[Instructions for the task] Beginning with the line containing "jN by simp_all" and ending with the last line of the records, set down every line exactly.

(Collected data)
(* Let $\rho$ be an $n$-qubit density matrix, let $P^{(1)},\dots,P^{(L)}\in\{I,X,Y,Z\}^n$ be Pauli operators with $w_l=\mathrm{Tr}(P^{(l)}\rho)$, and let $\beta$ be a probability distribution on $\mathcal{P}^n$ with $\zeta(P^{(l)},\beta)>0$ for all $l$ (e.g. the distribution given by a decision diagram compatible with these operators). Draw $B^{(1)},\dots,B^{(M)}$ i.i.d. from $\beta$ and measure a fresh copy of $\rho$ in each basis $B^{(m)}$. Let $M_l=\sum_{m=1}^M\mathbbm{1}_{\mathrm{Lift}(P^{(l)})}(B^{(m)})$ and $\hat w_l=\frac1{M_l}\sum_{m:\,B^{(m)}\in\mathrm{Lift}(P^{(l)})}\mu(B^{(m)},\mathrm{supp}(P^{(l)}))$ (with $\hat w_l=0$ if $M_l=0$). Fix $\epsilon\in(0,1)$, $\delta\in(0,1)$, set $\eta=1-e^{-\epsilon^2/2}$, and let $\mathrm{INCONF}_\epsilon(\mathbf{B})=\Pr\big[\max_{1\le l\le L}|\hat w_l-w_l|\ge\epsilon \,\big|\, B^{(1)},\dots,B^{(M)}\big]$ (probability over measurement outcomes given the bases). Then \[ \mathbb{E}_{\mathbf{B}}\big(\mathrm{INCONF}_\epsilon(\mathbf{B})\big)\le 2\sum_{l=1}^L\big(1-\eta\,\zeta(P^{(l)},\beta)\big)^M\le 2\sum_{l=1}^L e^{-\eta\,\zeta(P^{(l)},\beta)\,M}, \] and consequently $\mathbb{E}_{\mathbf{B}}(\mathrm{INCONF}_\epsilon(\mathbf{B}))\le\delta$ whenever $M\ge\frac{\ln(2L/\delta)}{\eta}\max_{l}\frac{1}{\zeta(P^{(l)},\beta)}$.
   Context: $I,X,Y,Z$ are Pauli matrices, $\mathcal{P}=\{X,Y,Z\}$, $\mathrm{supp}(P)=\{i:P_i\neq I\}$, $\mathrm{Lift}(P)=\{B\in\mathcal{P}^n: B_i=P_i\ \forall i\in\mathrm{supp}(P)\}$, $\zeta(P,\beta)=\sum_{B\in\mathrm{Lift}(P)}\beta(B)$. Measuring $\rho$ in basis $B\in\mathcal{P}^n$ means measuring each qubit $i$ in the eigenbasis of $B_i$, giving $\mu(B,i)\in\{\pm1\}$ with joint law $\Pr[\mu(B,i)=s_i\,\forall i]=\mathrm{Tr}(\rho\bigotimes_i\frac{I+s_iB_i}{2})$; $\mu(B,A)=\prod_{i\in A}\mu(B,i)$, $\mu(B,\varnothing)=1$. Measurement outcomes for different $m$ are independent given the bases. *)

theory Defs
  imports "Jordan_Normal_Form.Schur_Decomposition" "HOL-Probability.Probability"
begin
lemma order_le_order_root_power_prime:
  fixes \<eta> :: complex and d p :: nat and f :: "int poly"
  assumes d: "d > 0" "\<eta> ^ d = 1" and p: "prime p" "\<not> p dvd d" and f0: "f \<noteq> 0"
  shows "order \<eta> (map_poly of_int f :: complex poly) \<le> order (\<eta> ^ p) (map_poly of_int f)"
  using f0
proof (induction "order \<eta> (map_poly of_int f :: complex poly)" arbitrary: f)
  case (Suc n)
  have F0: "map_poly of_int f \<noteq> (0::complex poly)" using Suc.prems by (simp add: map_poly_of_int_eq_0_iff)
  have r1: "poly (map_poly of_int f) \<eta> = 0" using Suc.hyps(2) F0 order_root by (metis Zero_not_Suc)
  have r2: "poly (map_poly of_int f) (\<eta> ^ p) = 0" by (rule poly_root_power_prime[OF d p r1])
  have pd0: "pderiv f \<noteq> 0"
  proof
    assume "pderiv f = 0"
    then have "degree f = 0" by (simp add: pderiv_eq_0_iff)
    then obtain c where "f = [:c:]" by (elim degree_eq_zeroE)
    then show False using Suc.prems r1 by (simp add: map_poly_of_int_const)
  qed
  have "n = order \<eta> (map_poly of_int (pderiv f) :: complex poly)"
    using Suc.hyps(2) order_pderiv[OF F0 r1] by (simp add: map_poly_of_int_pderiv)
  from Suc.hyps(1)[OF this pd0] show ?case using order_pderiv[OF F0 r1] order_pderiv[OF F0 r2]
    by (simp add: map_poly_of_int_pderiv)
qed simp

lemma order_le_order_root_power_coprime:
  fixes \<eta> :: complex and f :: "int poly" and d k :: nat
  assumes d: "d > 0" "\<eta> ^ d = 1" and k: "coprime k d" and f0: "f \<noteq> 0"
  shows "order \<eta> (map_poly of_int f :: complex poly) \<le> order (\<eta> ^ k) (map_poly of_int f)"
  using k
proof (induction k rule: less_induct)
  case (less k)
  show ?case
  proof (cases "k \<le> 1")
    case True
    then show ?thesis using less.prems d by (auto simp: le_Suc_eq)
  next
    case False
    then obtain q where q: "prime q" "q dvd k" using prime_factor_nat[of k] by auto
    then obtain k' where k: "k = q * k'" by (elim dvdE)
    have "k' > 0" using False k by (cases k') auto
    then have "k' < k" using k prime_gt_1_nat[OF q(1)] by simp
    have cop': "coprime k' d" and "coprime q d" using less.prems k by simp_all
    then have "\<not> q dvd d" using q(1) by (metis coprime_absorb_left not_prime_unit)
    have "(\<eta> ^ k') ^ d = (\<eta> ^ d) ^ k'" by (simp flip: power_mult add: mult.commute)
    then have "(\<eta> ^ k') ^ d = 1" using d by simp
    then have "order (\<eta> ^ k') (map_poly of_int f :: complex poly) \<le> order ((\<eta> ^ k') ^ q) (map_poly of_int f)"
      using order_le_order_root_power_prime d(1) q(1) \<open>\<not> q dvd d\<close> f0 by blast
    then show ?thesis using less.IH[OF \<open>k' < k\<close> cop'] k by (simp flip: power_mult add: mult.commute)
  qed
qed


section \<open>Roots of unity and cyclotomic polynomials\<close>

definition unit_root :: "nat \<Rightarrow> nat \<Rightarrow> complex" where
  "unit_root d k = cis (2 * pi * real k / real d)"

definition primitive_roots :: "nat \<Rightarrow> complex set" where
  "primitive_roots d = unit_root d ` totatives d"

lemma unit_root_eq_exp: "unit_root d k = exp (2 * of_real pi * \<i> * of_nat k / of_nat d)"
  by (simp add: unit_root_def cis_conv_exp mult_ac)

lemma unit_root_eq_1_iff: "d > 0 \<Longrightarrow> unit_root d k = 1 \<longleftrightarrow> d dvd k"
  unfolding unit_root_eq_exp by (rule complex_root_unity_eq_1) simp

lemma unit_root_eq_iff: "d > 0 \<Longrightarrow> unit_root d j = unit_root d k \<longleftrightarrow> j mod d = k mod d"
  unfolding unit_root_eq_exp by (rule complex_root_unity_eq) simp

lemma unit_root_power: "unit_root d k ^ m = unit_root d (k * m)"
proof -
  have "unit_root d k ^ m = cis (real m * (2 * pi * real k / real d))"
    unfolding unit_root_def by (rule Complex.DeMoivre)
  then show ?thesis by (simp add: unit_root_def mult_ac)
qed

lemma unit_root_power_order: "d > 0 \<Longrightarrow> unit_root d k ^ d = 1"
  by (simp add: unit_root_power unit_root_eq_1_iff)

lemma unit_root_1_in_primitive_roots: "d > 0 \<Longrightarrow> unit_root d 1 \<in> primitive_roots d"
  by (simp add: primitive_roots_def)

lemma primitive_roots_1: "primitive_roots 1 = {1}"
  by (simp add: primitive_roots_def unit_root_def)

lemma root_of_unity_eq_unit_root:
  fixes z :: complex
  assumes "z ^ N = 1" "N > 0"
  obtains j where "j < N" "z = unit_root N j"
proof -
  have "z \<in> {z::complex. z ^ N = 1}" using assms by simp
  also have "\<dots> = {exp (2 * of_real pi * \<i> * of_nat j / of_nat N) | j. j < N}"
    using assms by (intro complex_roots_unity) simp
  finally show ?thesis using that by (auto simp: unit_root_eq_exp)
qed

lemma root_of_unity_in_primitive_roots:
  fixes z :: complex
  assumes "z ^ N = 1" "N > 0"
  obtains d where "d > 0" "z \<in> primitive_roots d"
proof -
  obtain j where j: "j < N" "z = unit_root N j" using root_of_unity_eq_unit_root[OF assms] .
  show ?thesis
  proof (cases "j = 0")
    case True
    then have "z = 1" using j by (simp add: unit_root_def)
    then show ?thesis using that[of 1] primitive_roots_1 by simp
  next
    case False
    define g where "g = gcd j N"
    have g0: "g > 0" using False by (simp add: g_def)
    have cop: "coprime (j div g) (N div g)" unfolding g_def using False by (intro div_gcd_coprime) simp
    have "g dvd j" "g dvd N" by (simp_all add: g_def)
    then obtain j' N' where jN: "j = g * j'" "N = g * N'" by (elim dvdE)
    have "coprime j' N'" using cop g0 unfolding jN by simp
    moreover have "0 < j'" "N' > 0" using False assms(2) jN by simp_all
    moreover have "j' \<le> N'" using j(1) g0 unfolding jN by simp
    moreover have "real j / real N = real j' / real N'" using g0 \<open>N' > 0\<close> unfolding jN by simp
    then have "z = unit_root N' j'" using j(2) by (simp add: unit_root_def flip: times_divide_eq_right)
    ultimately have "z \<in> primitive_roots N'" "N' > 0" by (auto simp: primitive_roots_def in_totatives_iff)
    then show ?thesis using that by blast
  qed
qed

[Answer to this exercise]
    moreover have "0 < j'" "N' > 0" using False assms(2) jN by simp_all
    moreover have "j' \<le> N'" using j(1) g0 unfolding jN by simp
    moreover have "real j / real N = real j' / real N'" using g0 \<open>N' > 0\<close> unfolding jN by simp
    then have "z = unit_root N' j'" using j(2) by (simp add: unit_root_def flip: times_divide_eq_right)
    ultimately have "z \<in> primitive_roots N'" "N' > 0" by (auto simp: primitive_roots_def in_totatives_iff)
    then show ?thesis using that by blast
  qed
qed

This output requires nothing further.